■ **What is needed**
Comb through the entries for "vanish" and pull out each line that holds it.

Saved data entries
☆ ☆ ☆ ☆ ☆

definition pseudo_vertex_transitive :: "('n::finite \<Rightarrow> 'n \<Rightarrow> bool) \<Rightarrow> bool" where
  "pseudo_vertex_transitive E \<longleftrightarrow> (\<forall>x y.
     (\<exists>\<phi>. bij_betw \<phi> (terwilliger E x) (terwilliger E y) \<and>
        (\<forall>M\<in>terwilliger E x. \<forall>N\<in>terwilliger E x. \<phi> (M + N) = \<phi> M + \<phi> N) \<and>
        (\<forall>M\<in>terwilliger E x. \<forall>c. \<phi> (cscale c M) = cscale c (\<phi> M)) \<and>
        (\<forall>M\<in>terwilliger E x. \<forall>N\<in>terwilliger E x. \<phi> (M ** N) = \<phi> M ** \<phi> N) \<and>
        \<phi> (mat 1) = mat 1 \<and>
        \<phi> (adj_matrix E) = adj_matrix E \<and>
        (\<forall>i\<le>diam E. \<phi> (dual_idem E x i) = dual_idem E y i)) \<and>
     (\<exists>R :: 'n cmat. invertible R \<and> R ** adj_matrix E = adj_matrix E ** R \<and>
        (\<forall>i\<le>diam E. R ** dual_idem E x i = dual_idem E y i ** R)))"

text \<open>characteristic polynomial det(tI - A_S) of the principal submatrix on S,
  and the spectrum (multiset of its roots) of the induced subgraph on S\<close>
definition charpoly_on :: "'n::finite cmat \<Rightarrow> 'n set \<Rightarrow> complex poly" where
  "charpoly_on M S = (\<Sum>p\<in>{p. p permutes S}. of_int (sign p) *
      (\<Prod>u\<in>S. (if p u = u then [:0, 1:] else 0) - [: M $ u $ p u :]))"

definition induced_spectrum :: "('n::finite \<Rightarrow> 'n \<Rightarrow> bool) \<Rightarrow> 'n set \<Rightarrow> complex multiset" where
  "induced_spectrum E S = proots (charpoly_on (adj_matrix E) S)"

definition subconst :: "('n \<Rightarrow> 'n \<Rightarrow> bool) \<Rightarrow> 'n \<Rightarrow> nat \<Rightarrow> 'n set" where
  "subconst E x i = {y. gdist E x y = i}"

end

(* An invertible R that commutes with A and carries E*_i(x)
   to E*_i(y) conjugates E*_i(x) A E*_i(x) into E*_i(y) A E*_i(y).  These are the
   adjacency matrices of Delta_i(x) and Delta_i(y) padded with zero rows and columns,
   so their characteristic polynomials are t^(|X| - |Delta_i|) times those of the
   subconstituents, and the two padding exponents agree because conjugation also
   preserves trace E*_i = |Delta_i|. *)

theory Submission
  imports Defs
begin

definition poly_matrix :: "'a::zero^'n^'m \<Rightarrow> 'a poly^'n^'m" where
  "poly_matrix M = (\<chi> u v. [:M $ u $ v:])"

definition charpoly :: "'a::comm_ring_1^'n::finite^'n \<Rightarrow> 'a poly" where
  "charpoly M = det (mat [:0, 1:] - poly_matrix M)"

definition restrict_matrix :: "'a::zero^'n^'n \<Rightarrow> 'n set \<Rightarrow> 'a^'n^'n" where
  "restrict_matrix M S = (\<chi> u v. if u \<in> S \<and> v \<in> S then M $ u $ v else 0)"

definition diag_indicator :: "'n set \<Rightarrow> 'a::zero_neq_one^'n^'n" where
  "diag_indicator S = (\<chi> u v. if u = v \<and> u \<in> S then 1 else 0)"

lemma matrix_diff_ldistrib:
  fixes A :: "'a::ring_1^'n::finite^'m"
  shows "A ** (B - C) = A ** B - A ** C"
  by (simp add: matrix_matrix_mult_def vec_eq_iff sum_subtractf algebra_simps)

lemma matrix_diff_rdistrib:
  fixes A :: "'a::ring_1^'n::finite^'m"
  shows "(A - B) ** C = A ** C - B ** C"
  by (simp add: matrix_matrix_mult_def vec_eq_iff sum_subtractf algebra_simps)

lemma matrix_mul_mat_commute:
  fixes A :: "'a::comm_semiring_1^'n::finite^'n"
  shows "mat c ** A = A ** mat c"
  by (simp add: matrix_matrix_mult_def mat_def vec_eq_iff if_distrib if_distribR
      mult.commute cong: if_cong)

lemma poly_matrix_mult:
  fixes A :: "'a::comm_semiring_1^'n::finite^'m"
  shows "poly_matrix (A ** B) = poly_matrix A ** poly_matrix B"
  by (simp add: poly_matrix_def matrix_matrix_mult_def vec_eq_iff sum_to_poly mult.commute)

lemma poly_matrix_mat: "poly_matrix (mat c) = mat [:c:]"
  by (simp add: poly_matrix_def mat_def vec_eq_iff)

lemma charpoly_similar:
  fixes R R' M :: "'a::comm_ring_1^'n::finite^'n"
  assumes "R ** R' = mat 1" and "R' ** R = mat 1"
  shows "charpoly (R ** M ** R') = charpoly M"
proof -
  let ?X = "mat [:0, 1:] :: 'a poly^'n^'n"
  have "?X = poly_matrix R ** ?X ** poly_matrix R'"
    by (metis assms(1) matrix_mul_assoc matrix_mul_mat_commute matrix_mul_lid
        poly_matrix_mult poly_matrix_mat pCons_one)
  then have "?X - poly_matrix (R ** M ** R') =
      poly_matrix R ** (?X - poly_matrix M) ** poly_matrix R'"
    by (simp add: poly_matrix_mult matrix_diff_ldistrib matrix_diff_rdistrib matrix_mul_assoc)
  then have "charpoly (R ** M ** R') = det (poly_matrix R' ** poly_matrix R) * charpoly M"
    unfolding charpoly_def by (simp add: det_mul ac_simps)
  then show ?thesis
    by (simp add: assms(2) poly_matrix_mat pCons_one flip: poly_matrix_mult)
qed

lemma charpoly_restrict_matrix:
  fixes M :: "'n::finite cmat"
  shows "charpoly (restrict_matrix M S) = [:0, 1:] ^ card (- S) * charpoly_on M S"
proof -
  let ?X = "[:0, 1:] :: complex poly"
  let ?N = "mat ?X - poly_matrix (restrict_matrix M S)"
  let ?f = "\<lambda>p. of_int (sign p) * (\<Prod>u\<in>UNIV. ?N $ u $ p u)"
  let ?g = "\<lambda>p. \<Prod>u\<in>S. (if p u = u then ?X else 0) - [:M $ u $ p u:]"
  have vanish: "?f p = 0" if "p permutes UNIV" and "\<not> p permutes S" for p
  proof -
    from that obtain u where "u \<notin> S" and "p u \<noteq> u"
      unfolding permutes_def by blast
    then have "?N $ u $ p u = 0"
      by (simp add: mat_def poly_matrix_def restrict_matrix_def)
    then have "(\<Prod>u\<in>UNIV. ?N $ u $ p u) = 0"
      by (meson UNIV_I finite prod_zero)
    then show ?thesis
      by simp
  qed
  have factor: "?f p = ?X ^ card (- S) * (of_int (sign p) * ?g p)" if p: "p permutes S" for p
  proof -
    have "(\<Prod>u\<in>- S. ?N $ u $ p u) = ?X ^ card (- S)"
      using permutes_not_in[OF p] by (simp add: mat_def poly_matrix_def restrict_matrix_def)
    moreover have "(\<Prod>u\<in>S. ?N $ u $ p u) = ?g p"
      using permutes_in_image[OF p]
      by (intro prod.cong) (auto simp: mat_def poly_matrix_def restrict_matrix_def)
    moreover have "(\<Prod>u\<in>UNIV. ?N $ u $ p u) =
        (\<Prod>u\<in>S. ?N $ u $ p u) * (\<Prod>u\<in>- S. ?N $ u $ p u)"
      using prod.union_disjoint[of S "- S"] by (simp add: Compl_partition)
    ultimately show ?thesis
      by (simp add: mult_ac)
  qed
  have "charpoly (restrict_matrix M S) = sum ?f {p. p permutes UNIV}"
    unfolding charpoly_def det_def ..
  also have "\<dots> = sum ?f {p. p permutes S}"
    using vanish permutes_subset[of _ S UNIV] by (intro sum.mono_neutral_right) auto
  also have "\<dots> = (\<Sum>p\<in>{p. p permutes S}. ?X ^ card (- S) * (of_int (sign p) * ?g p))"
    by (rule sum.cong[OF refl], rule factor) simp
  also have "\<dots> = ?X ^ card (- S) * charpoly_on M S"
    unfolding charpoly_on_def by (simp add: sum_distrib_left)
  finally show ?thesis .
qed

lemma diag_indicator_mult_left:
  fixes M :: "'a::semiring_1^'n::finite^'n"
  shows "(diag_indicator S ** M) $ u $ v = (if u \<in> S then M $ u $ v else 0)"
  by (simp add: diag_indicator_def matrix_matrix_mult_def if_distrib if_distribR cong: if_cong)

lemma diag_indicator_mult_right:
  fixes M :: "'a::semiring_1^'n::finite^'n"
  shows "(M ** diag_indicator S) $ u $ v = (if v \<in> S then M $ u $ v else 0)"
  by (simp add: diag_indicator_def matrix_matrix_mult_def if_distrib if_distribR sum.If_cases
      Collect_conj_eq)

lemma diag_indicator_sandwich:
  fixes M :: "'a::semiring_1^'n::finite^'n"
  shows "diag_indicator S ** M ** diag_indicator S = restrict_matrix M S"
  by (simp add: vec_eq_iff diag_indicator_mult_left diag_indicator_mult_right restrict_matrix_def)

lemma trace_diag_indicator:
  "trace (diag_indicator S :: 'a::semiring_1^'n::finite^'n) = of_nat (card S)"
  by (simp add: trace_def diag_indicator_def sum.If_cases)

lemma dual_idem_eq_diag_indicator: "dual_idem E x i = diag_indicator (subconst E x i)"
  by (simp add: dual_idem_def diag_indicator_def subconst_def vec_eq_iff)

lemma conjugate_if_intertwines:
  fixes R R' N N' :: "'a::semiring_1^'n::finite^'n"
  assumes "R ** R' = mat 1" and "R ** N = N' ** R"
  shows "N' = R ** N ** R'"
  by (metis assms matrix_mul_assoc matrix_mul_rid)

lemma charpoly_on_eq_if_intertwines:
  fixes M R :: "'n::finite cmat"
  assumes "invertible R" and "R ** M = M ** R"
    and "R ** diag_indicator S = diag_indicator T ** R"
  shows "charpoly_on M S = charpoly_on M T"
proof -
  let ?P = "diag_indicator S :: 'n cmat" and ?Q = "diag_indicator T :: 'n cmat"
  obtain R' where R': "R ** R' = mat 1" "R' ** R = mat 1"
    using assms(1) unfolding invertible_def by blast
  have Q: "?Q = R ** ?P ** R'"
    using R'(1) assms(3) by (rule conjugate_if_intertwines)
  have "R ** (?P ** M ** ?P) = ?Q ** M ** ?Q ** R"
    using assms(2,3) by (metis matrix_mul_assoc)
  then have "restrict_matrix M T = R ** restrict_matrix M S ** R'"
    unfolding diag_indicator_sandwich[symmetric] by (rule conjugate_if_intertwines[OF R'(1)])
  then have "charpoly (restrict_matrix M T) = charpoly (restrict_matrix M S)"
    using R' by (simp add: charpoly_similar)
  moreover have "card T = card S"
  proof -
    have "of_nat (card T) = trace (R ** ?P ** R')"
      by (simp add: trace_diag_indicator flip: Q)
    also have "\<dots> = trace (R' ** R ** ?P)"
      by (simp only: trace_mul_sym[of "R ** ?P"] matrix_mul_assoc)
    also have "\<dots> = of_nat (card S)"
      by (simp add: R'(2) trace_diag_indicator)
    finally show ?thesis
      by simp
  qed
  then have "card (- T) = card (- S)"
    by (simp add: Compl_eq_Diff_UNIV card_Diff_subset)
  ultimately show ?thesis
    by (simp add: charpoly_restrict_matrix)
qed

theorem lemma4p7:
  fixes E :: "'n::finite \<Rightarrow> 'n \<Rightarrow> bool" and i :: nat and x y :: 'n
  assumes "Q_polynomial E"
    and "pseudo_vertex_transitive E"
    and "i \<le> diam E"
  shows "induced_spectrum E (subconst E x i) = induced_spectrum E (subconst E y i)"
proof -
  obtain R :: "'n cmat" where "invertible R" and "R ** adj_matrix E = adj_matrix E ** R"
    and "R ** dual_idem E x i = dual_idem E y i ** R"
    using assms(2,3) unfolding pseudo_vertex_transitive_def by blast
  then have "charpoly_on (adj_matrix E) (subconst E x i) =
      charpoly_on (adj_matrix E) (subconst E y i)"
    by (intro charpoly_on_eq_if_intertwines) (simp_all add: dual_idem_eq_diag_indicator)
  then show ?thesis
    unfolding induced_spectrum_def by simp
qed

end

☆ ☆ ☆ ☆ ☆

■ **Answer box**
  have vanish: "?f p = 0" if "p permutes UNIV" and "\<not> p permutes S" for p
    using vanish permutes_subset[of _ S UNIV] by (intro sum.mono_neutral_right) auto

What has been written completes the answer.